(* Let $(M,g,J,\kappa)$ be an almost Kähler manifold of real dimension $2n$, $o\in M$, and $\{Z_1,\dots,Z_n\}$ a generalized normal holomorphic frame around $o$. Then for all $1\le i,j,r,s\le n$, $$L(Z_{\bar i},Z_j,Z_r,Z_{\bar s})(o)=-2R^J(Z_{\bar i},Z_j,Z_r,Z_{\bar s})(o)+2R(Z_{\bar i},Z_j,Z_r,Z_{\bar s})(o).$$
   Context: An almost Kähler manifold $(M,g,J,\kappa)$: $\kappa$ a symplectic form, $J$ an almost complex structure with $g(\cdot,\cdot)=\kappa(\cdot,J\cdot)$ a $J$-Hermitian Riemannian metric. $\nabla$ is the Levi-Civita connection of $g$, with curvature $R(X,Y,Z,W)=g(\nabla_X\nabla_YZ-\nabla_Y\nabla_XZ-\nabla_{[X,Y]}Z,W)$; everything is extended complex-multilinearly, and $Z_{\bar i}=\overline{Z_i}$. $B(X,Y)=J(\nabla_XJ)Y-(\nabla_{JX}J)Y$, $L(X,Y,Z,W)=g((\nabla_XB)(Y,Z),W)$, and $R^J(X,Y,Z,W)=g\big(\nabla_X(J\nabla_YZ)-\nabla_Y(J\nabla_XZ)-\nabla_{[X,Y]}(JZ),\,JW\big)$. A generalized normal holomorphic frame around $o$ is a local frame $\{Z_1,\dots,Z_n\}$ of $T^{1,0}_JM$ near $o$ such that, writing $\nabla_k=\nabla_{Z_k}$, $\nabla_{\bar k}=\nabla_{Z_{\bar k}}$: (1) $\nabla_kZ_{\bar i}(o)=0$; (2) $\nabla_kZ_i(o)$ is of type $(0,1)$; (3) $G_{r\bar s}:=g(Z_r,Z_{\bar s})$ satisfies $G_{r\bar s}(o)=\delta_{rs}$, $dG_{r\bar s}(o)=0$; (4) $\nabla_r\nabla_{\bar k}Z_i(o)=0$, for all indices. *)

theory Defs
  imports "HOL-Analysis.Analysis"
begin

text \<open>Local (chart) rendering: the manifold is replaced by an open set U of coordinates
  in real^'d, tensors are given by component matrices, complexified vector fields are
  maps real^'d => complex^'d.\<close>

definition pd :: "'d::finite \<Rightarrow> (real^'d \<Rightarrow> 'b::real_normed_vector) \<Rightarrow> real^'d \<Rightarrow> 'b" where
  "pd k f x = vector_derivative (\<lambda>t. f (x + t *\<^sub>R axis k 1)) (at 0)"

fun Dl :: "'d::finite list \<Rightarrow> (real^'d \<Rightarrow> 'b::real_normed_vector) \<Rightarrow> real^'d \<Rightarrow> 'b" where
  "Dl [] f = f"
| "Dl (k # ks) f = pd k (Dl ks f)"

definition smooth_on :: "(real^'d::finite) set \<Rightarrow> (real^'d \<Rightarrow> 'b::real_normed_vector) \<Rightarrow> bool" where
  "smooth_on U f \<longleftrightarrow> (\<forall>ks. continuous_on U (Dl ks f) \<and>
      (\<forall>k. \<forall>x\<in>U. ((\<lambda>t. Dl ks f (x + t *\<^sub>R axis k 1)) has_vector_derivative Dl (k # ks) f x) (at 0)))"

definition cscale :: "complex \<Rightarrow> complex^'d::finite \<Rightarrow> complex^'d" where
  "cscale c v = (\<chi> a. c * v $ a)"

text \<open>Action of a real (1,1)-tensor with components M$a$b (M(\<partial>_b) = \<Sum>_a M$a$b \<partial>_a) on complex vectors.\<close>
definition jv :: "real^'d^'d \<Rightarrow> complex^'d \<Rightarrow> complex^'d::finite" where
  "jv M v = (\<chi> a. \<Sum>b\<in>UNIV. complex_of_real (M $ a $ b) * v $ b)"

definition Japp :: "(real^'d \<Rightarrow> real^'d^'d) \<Rightarrow> (real^'d \<Rightarrow> complex^'d) \<Rightarrow> real^'d \<Rightarrow> complex^'d::finite" where
  "Japp J Y x = jv (J x) (Y x)"

definition gapp :: "(real^'d \<Rightarrow> real^'d^'d) \<Rightarrow> (real^'d \<Rightarrow> complex^'d) \<Rightarrow> (real^'d \<Rightarrow> complex^'d)
    \<Rightarrow> real^'d \<Rightarrow> complex" where
  "gapp g X Y x = (\<Sum>a\<in>UNIV. \<Sum>b\<in>UNIV. complex_of_real (g x $ a $ b) * X x $ a * Y x $ b)"

definition cconj :: "(real^'d \<Rightarrow> complex^'d::finite) \<Rightarrow> real^'d \<Rightarrow> complex^'d" where
  "cconj Y x = (\<chi> a. cnj (Y x $ a))"

definition Gam :: "(real^'d \<Rightarrow> real^'d^'d) \<Rightarrow> real^'d \<Rightarrow> 'd::finite \<Rightarrow> 'd \<Rightarrow> 'd \<Rightarrow> real" where
  "Gam g x c a b = (1/2) * (\<Sum>d\<in>UNIV. matrix_inv (g x) $ c $ d *
      (pd a (\<lambda>y. g y $ b $ d) x + pd b (\<lambda>y. g y $ a $ d) x - pd d (\<lambda>y. g y $ a $ b) x))"

definition nabla :: "(real^'d \<Rightarrow> real^'d^'d) \<Rightarrow> (real^'d \<Rightarrow> complex^'d) \<Rightarrow> (real^'d \<Rightarrow> complex^'d)
    \<Rightarrow> real^'d \<Rightarrow> complex^'d::finite" where
  "nabla g X Y x = (\<chi> c. (\<Sum>a\<in>UNIV. X x $ a * pd a (\<lambda>y. Y y $ c) x)
      + (\<Sum>a\<in>UNIV. \<Sum>b\<in>UNIV. complex_of_real (Gam g x c a b) * X x $ a * Y x $ b))"

definition bracket :: "(real^'d \<Rightarrow> complex^'d) \<Rightarrow> (real^'d \<Rightarrow> complex^'d) \<Rightarrow> real^'d \<Rightarrow> complex^'d::finite" where
  "bracket X Y x = (\<chi> c. \<Sum>a\<in>UNIV. X x $ a * pd a (\<lambda>y. Y y $ c) x - Y x $ a * pd a (\<lambda>y. X y $ c) x)"

definition nablaJ :: "(real^'d \<Rightarrow> real^'d^'d) \<Rightarrow> (real^'d \<Rightarrow> real^'d^'d) \<Rightarrow> (real^'d \<Rightarrow> complex^'d)
    \<Rightarrow> (real^'d \<Rightarrow> complex^'d) \<Rightarrow> real^'d \<Rightarrow> complex^'d::finite" where
  "nablaJ g J X Y x = nabla g X (Japp J Y) x - Japp J (nabla g X Y) x"

definition Bt :: "(real^'d \<Rightarrow> real^'d^'d) \<Rightarrow> (real^'d \<Rightarrow> real^'d^'d) \<Rightarrow> (real^'d \<Rightarrow> complex^'d)
    \<Rightarrow> (real^'d \<Rightarrow> complex^'d) \<Rightarrow> real^'d \<Rightarrow> complex^'d::finite" where
  "Bt g J X Y x = Japp J (nablaJ g J X Y) x - nablaJ g J (Japp J X) Y x"

definition Lt :: "(real^'d \<Rightarrow> real^'d^'d) \<Rightarrow> (real^'d \<Rightarrow> real^'d^'d) \<Rightarrow> (real^'d \<Rightarrow> complex^'d)
    \<Rightarrow> (real^'d \<Rightarrow> complex^'d) \<Rightarrow> (real^'d \<Rightarrow> complex^'d) \<Rightarrow> (real^'d \<Rightarrow> complex^'d)
    \<Rightarrow> real^'d \<Rightarrow> complex" where
  "Lt g J X Y Z W x = gapp g (\<lambda>y. nabla g X (Bt g J Y Z) y - Bt g J (nabla g X Y) Z y
      - Bt g J Y (nabla g X Z) y) W x"

definition Rm :: "(real^'d \<Rightarrow> real^'d^'d) \<Rightarrow> (real^'d \<Rightarrow> complex^'d)
    \<Rightarrow> (real^'d \<Rightarrow> complex^'d) \<Rightarrow> (real^'d \<Rightarrow> complex^'d) \<Rightarrow> (real^'d \<Rightarrow> complex^'d::finite)
    \<Rightarrow> real^'d \<Rightarrow> complex" where
  "Rm g X Y Z W x = gapp g (\<lambda>y. nabla g X (nabla g Y Z) y - nabla g Y (nabla g X Z) y
      - nabla g (bracket X Y) Z y) W x"

definition RJ :: "(real^'d \<Rightarrow> real^'d^'d) \<Rightarrow> (real^'d \<Rightarrow> real^'d^'d) \<Rightarrow> (real^'d \<Rightarrow> complex^'d)
    \<Rightarrow> (real^'d \<Rightarrow> complex^'d) \<Rightarrow> (real^'d \<Rightarrow> complex^'d) \<Rightarrow> (real^'d \<Rightarrow> complex^'d::finite)
    \<Rightarrow> real^'d \<Rightarrow> complex" where
  "RJ g J X Y Z W x = gapp g (\<lambda>y. nabla g X (Japp J (nabla g Y Z)) y
      - nabla g Y (Japp J (nabla g X Z)) y - nabla g (bracket X Y) (Japp J Z) y) (Japp J W) x"

text \<open>Almost Kaehler structure on an open coordinate domain U:
  g$a$b = g(\<partial>_a,\<partial>_b), J$a$b as above, \<kappa>$a$b = \<kappa>(\<partial>_a,\<partial>_b).\<close>
definition almost_kahler :: "(real^'d::finite) set \<Rightarrow> (real^'d \<Rightarrow> real^'d^'d) \<Rightarrow> (real^'d \<Rightarrow> real^'d^'d)
    \<Rightarrow> (real^'d \<Rightarrow> real^'d^'d) \<Rightarrow> bool" where
  "almost_kahler U g J \<kappa> \<longleftrightarrow> open U \<and> smooth_on U g \<and> smooth_on U J \<and> smooth_on U \<kappa> \<and>
    (\<forall>x\<in>U.
      J x ** J x = - mat 1 \<and>
      (\<forall>a b. g x $ a $ b = g x $ b $ a) \<and>
      (\<forall>v. v \<noteq> 0 \<longrightarrow> (\<Sum>a\<in>UNIV. \<Sum>b\<in>UNIV. g x $ a $ b * v $ a * v $ b) > 0) \<and>
      (\<forall>a b. (\<Sum>c\<in>UNIV. \<Sum>d\<in>UNIV. J x $ c $ a * J x $ d $ b * g x $ c $ d) = g x $ a $ b) \<and>
      (\<forall>a b. \<kappa> x $ a $ b = - \<kappa> x $ b $ a) \<and>
      det (\<kappa> x) \<noteq> 0 \<and>
      (\<forall>a b c. pd a (\<lambda>y. \<kappa> y $ b $ c) x + pd b (\<lambda>y. \<kappa> y $ c $ a) x
               + pd c (\<lambda>y. \<kappa> y $ a $ b) x = 0) \<and>
      (\<forall>a b. g x $ a $ b = (\<Sum>c\<in>UNIV. \<kappa> x $ a $ c * J x $ c $ b)))"

definition gen_normal_hol_frame :: "(real^'d \<Rightarrow> real^'d^'d) \<Rightarrow> (real^'d \<Rightarrow> real^'d^'d)
    \<Rightarrow> ('n::finite \<Rightarrow> real^'d \<Rightarrow> complex^'d::finite) \<Rightarrow> real^'d \<Rightarrow> (real^'d) set \<Rightarrow> bool" where
  "gen_normal_hol_frame g J Z p V \<longleftrightarrow> open V \<and> p \<in> V \<and> (\<forall>i. smooth_on V (Z i)) \<and>
    (\<forall>x\<in>V.
      (\<forall>i. jv (J x) (Z i x) = cscale \<i> (Z i x)) \<and>
      (\<forall>c. (\<Sum>i\<in>UNIV. cscale (c i) (Z i x)) = 0 \<longrightarrow> (\<forall>i. c i = 0)) \<and>
      (\<forall>v. jv (J x) v = cscale \<i> v \<longrightarrow> (\<exists>c. v = (\<Sum>i\<in>UNIV. cscale (c i) (Z i x))))) \<and>
    (\<forall>k i. nabla g (Z k) (cconj (Z i)) p = 0) \<and>
    (\<forall>k i. jv (J p) (nabla g (Z k) (Z i) p) = cscale (- \<i>) (nabla g (Z k) (Z i) p)) \<and>
    (\<forall>r s. gapp g (Z r) (cconj (Z s)) p = (if r = s then 1 else 0) \<and>
           (\<forall>a. pd a (gapp g (Z r) (cconj (Z s))) p = 0)) \<and>
    (\<forall>r k i. nabla g (Z r) (nabla g (cconj (Z k)) (Z i)) p = 0)"

end

theory Submission
  imports Defs
begin

(* At o the frame conditions make nabla_{bar Z_i} Z_j, nabla_{Z_j} bar Z_i, nabla_{bar Z_i} Z_r and
   nabla_{Z_j} nabla_{bar Z_i} Z_r vanish (the first and the third are conjugates of condition (1)).
   As the Christoffel symbols are symmetric, [bar Z_i, Z_j](o) = 0 as well, so with
   P = nabla_{Z_j} Z_r both curvature terms reduce to their leading term:
   R = g(nabla_{bar Z_i} P, bar Z_s) and R^J = g(nabla_{bar Z_i} (J P), J bar Z_s)
     = -i g(nabla_{bar Z_i} (J P), bar Z_s).
   B is tensorial, so in L only nabla_{bar Z_i} (B(Z_j, Z_r)) survives at o; and because Z_j and
   Z_r are of type (1,0) on a whole neighbourhood of o, B(Z_j, Z_r) = 2 P + 2 i J P there. *)

section \<open>Partial derivatives along coordinate lines\<close>

(* pd is a vector_derivative, hence an arbitrary value unless the restriction to the coordinate
   line is differentiable; has_pd records that it is. *)
definition has_pd :: "'d::finite \<Rightarrow> (real^'d \<Rightarrow> 'b::real_normed_vector) \<Rightarrow> real^'d \<Rightarrow> bool" where
  "has_pd k f x \<longleftrightarrow> (\<lambda>t. f (x + t *\<^sub>R axis k 1)) differentiable (at 0)"

lemma has_pd_iff:
  "has_pd k f x \<longleftrightarrow> (\<exists>D. ((\<lambda>t. f (x + t *\<^sub>R axis k 1)) has_vector_derivative D) (at 0))"
  unfolding has_pd_def using vector_derivative_works differentiableI_vector by blast

lemma has_pd_has_vector_derivative:
  "has_pd k f x \<Longrightarrow> ((\<lambda>t. f (x + t *\<^sub>R axis k 1)) has_vector_derivative pd k f x) (at 0)"
  unfolding has_pd_def pd_def by (simp add: vector_derivative_works)

lemma pd_eqI:
  "((\<lambda>t. f (x + t *\<^sub>R axis k 1)) has_vector_derivative D) (at 0) \<Longrightarrow> pd k f x = D"
  unfolding pd_def by (rule vector_derivative_at)

lemma has_pd_const: "has_pd k (\<lambda>y. c) x"
  by (simp add: has_pd_def)

lemma has_pd_add: "has_pd k f x \<Longrightarrow> has_pd k h x \<Longrightarrow> has_pd k (\<lambda>y. f y + h y) x"
  by (simp add: has_pd_def)

lemma has_pd_diff: "has_pd k f x \<Longrightarrow> has_pd k h x \<Longrightarrow> has_pd k (\<lambda>y. f y - h y) x"
  by (simp add: has_pd_def)

lemma has_pd_mult:
  fixes f h :: "real^'d::finite \<Rightarrow> 'a::real_normed_algebra"
  shows "has_pd k f x \<Longrightarrow> has_pd k h x \<Longrightarrow> has_pd k (\<lambda>y. f y * h y) x"
  by (simp add: has_pd_def)

lemma has_pd_divide:
  fixes f h :: "real^'d::finite \<Rightarrow> 'a::real_normed_field"
  shows "has_pd k f x \<Longrightarrow> has_pd k h x \<Longrightarrow> h x \<noteq> 0 \<Longrightarrow> has_pd k (\<lambda>y. f y / h y) x"
  by (simp add: has_pd_def)

lemma has_pd_sum:
  "(\<And>i. i \<in> I \<Longrightarrow> has_pd k (f i) x) \<Longrightarrow> has_pd k (\<lambda>y. \<Sum>i\<in>I. f i y) x"
  unfolding has_pd_def by (cases "finite I") auto

lemma has_pd_prod:
  fixes f :: "'i \<Rightarrow> real^'d::finite \<Rightarrow> 'a::real_normed_field"
  assumes "\<And>i. i \<in> I \<Longrightarrow> has_pd k (f i) x"
  shows "has_pd k (\<lambda>y. \<Prod>i\<in>I. f i y) x"
proof -
  obtain D where "\<And>i. i \<in> I \<Longrightarrow> ((\<lambda>t. f i (x + t *\<^sub>R axis k 1)) has_derivative D i) (at 0)"
    using assms unfolding has_pd_def differentiable_def by metis
  then show ?thesis
    unfolding has_pd_def differentiable_def
    using has_derivative_prod[of I "\<lambda>i t. f i (x + t *\<^sub>R axis k 1)" D] by auto
qed

lemma has_pd_linear: "bounded_linear h \<Longrightarrow> has_pd k f x \<Longrightarrow> has_pd k (\<lambda>y. h (f y)) x"
  unfolding has_pd_iff by (metis bounded_linear.has_vector_derivative)

lemma pd_add:
  assumes "has_pd k f x" "has_pd k h x"
  shows "pd k (\<lambda>y. f y + h y) x = pd k f x + pd k h x"
  using has_vector_derivative_add[OF assms[THEN has_pd_has_vector_derivative]] by (rule pd_eqI)

lemma pd_mult:
  fixes f h :: "real^'d::finite \<Rightarrow> 'a::real_normed_algebra"
  assumes "has_pd k f x" "has_pd k h x"
  shows "pd k (\<lambda>y. f y * h y) x = f x * pd k h x + pd k f x * h x"
  using pd_eqI[OF has_vector_derivative_mult[OF assms[THEN has_pd_has_vector_derivative]]] by simp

────────────────

__Aim of the task__. Out of the listing above, reproduce exactly the lines from the one with "(\<forall>r k i." up to and including the one with "of condition (1)).".

__Final answer__.
    (\<forall>r k i. nabla g (Z r) (nabla g (cconj (Z k)) (Z i)) p = 0)"

end

theory Submission
  imports Defs
begin

(* At o the frame conditions make nabla_{bar Z_i} Z_j, nabla_{Z_j} bar Z_i, nabla_{bar Z_i} Z_r and
   nabla_{Z_j} nabla_{bar Z_i} Z_r vanish (the first and the third are conjugates of condition (1)).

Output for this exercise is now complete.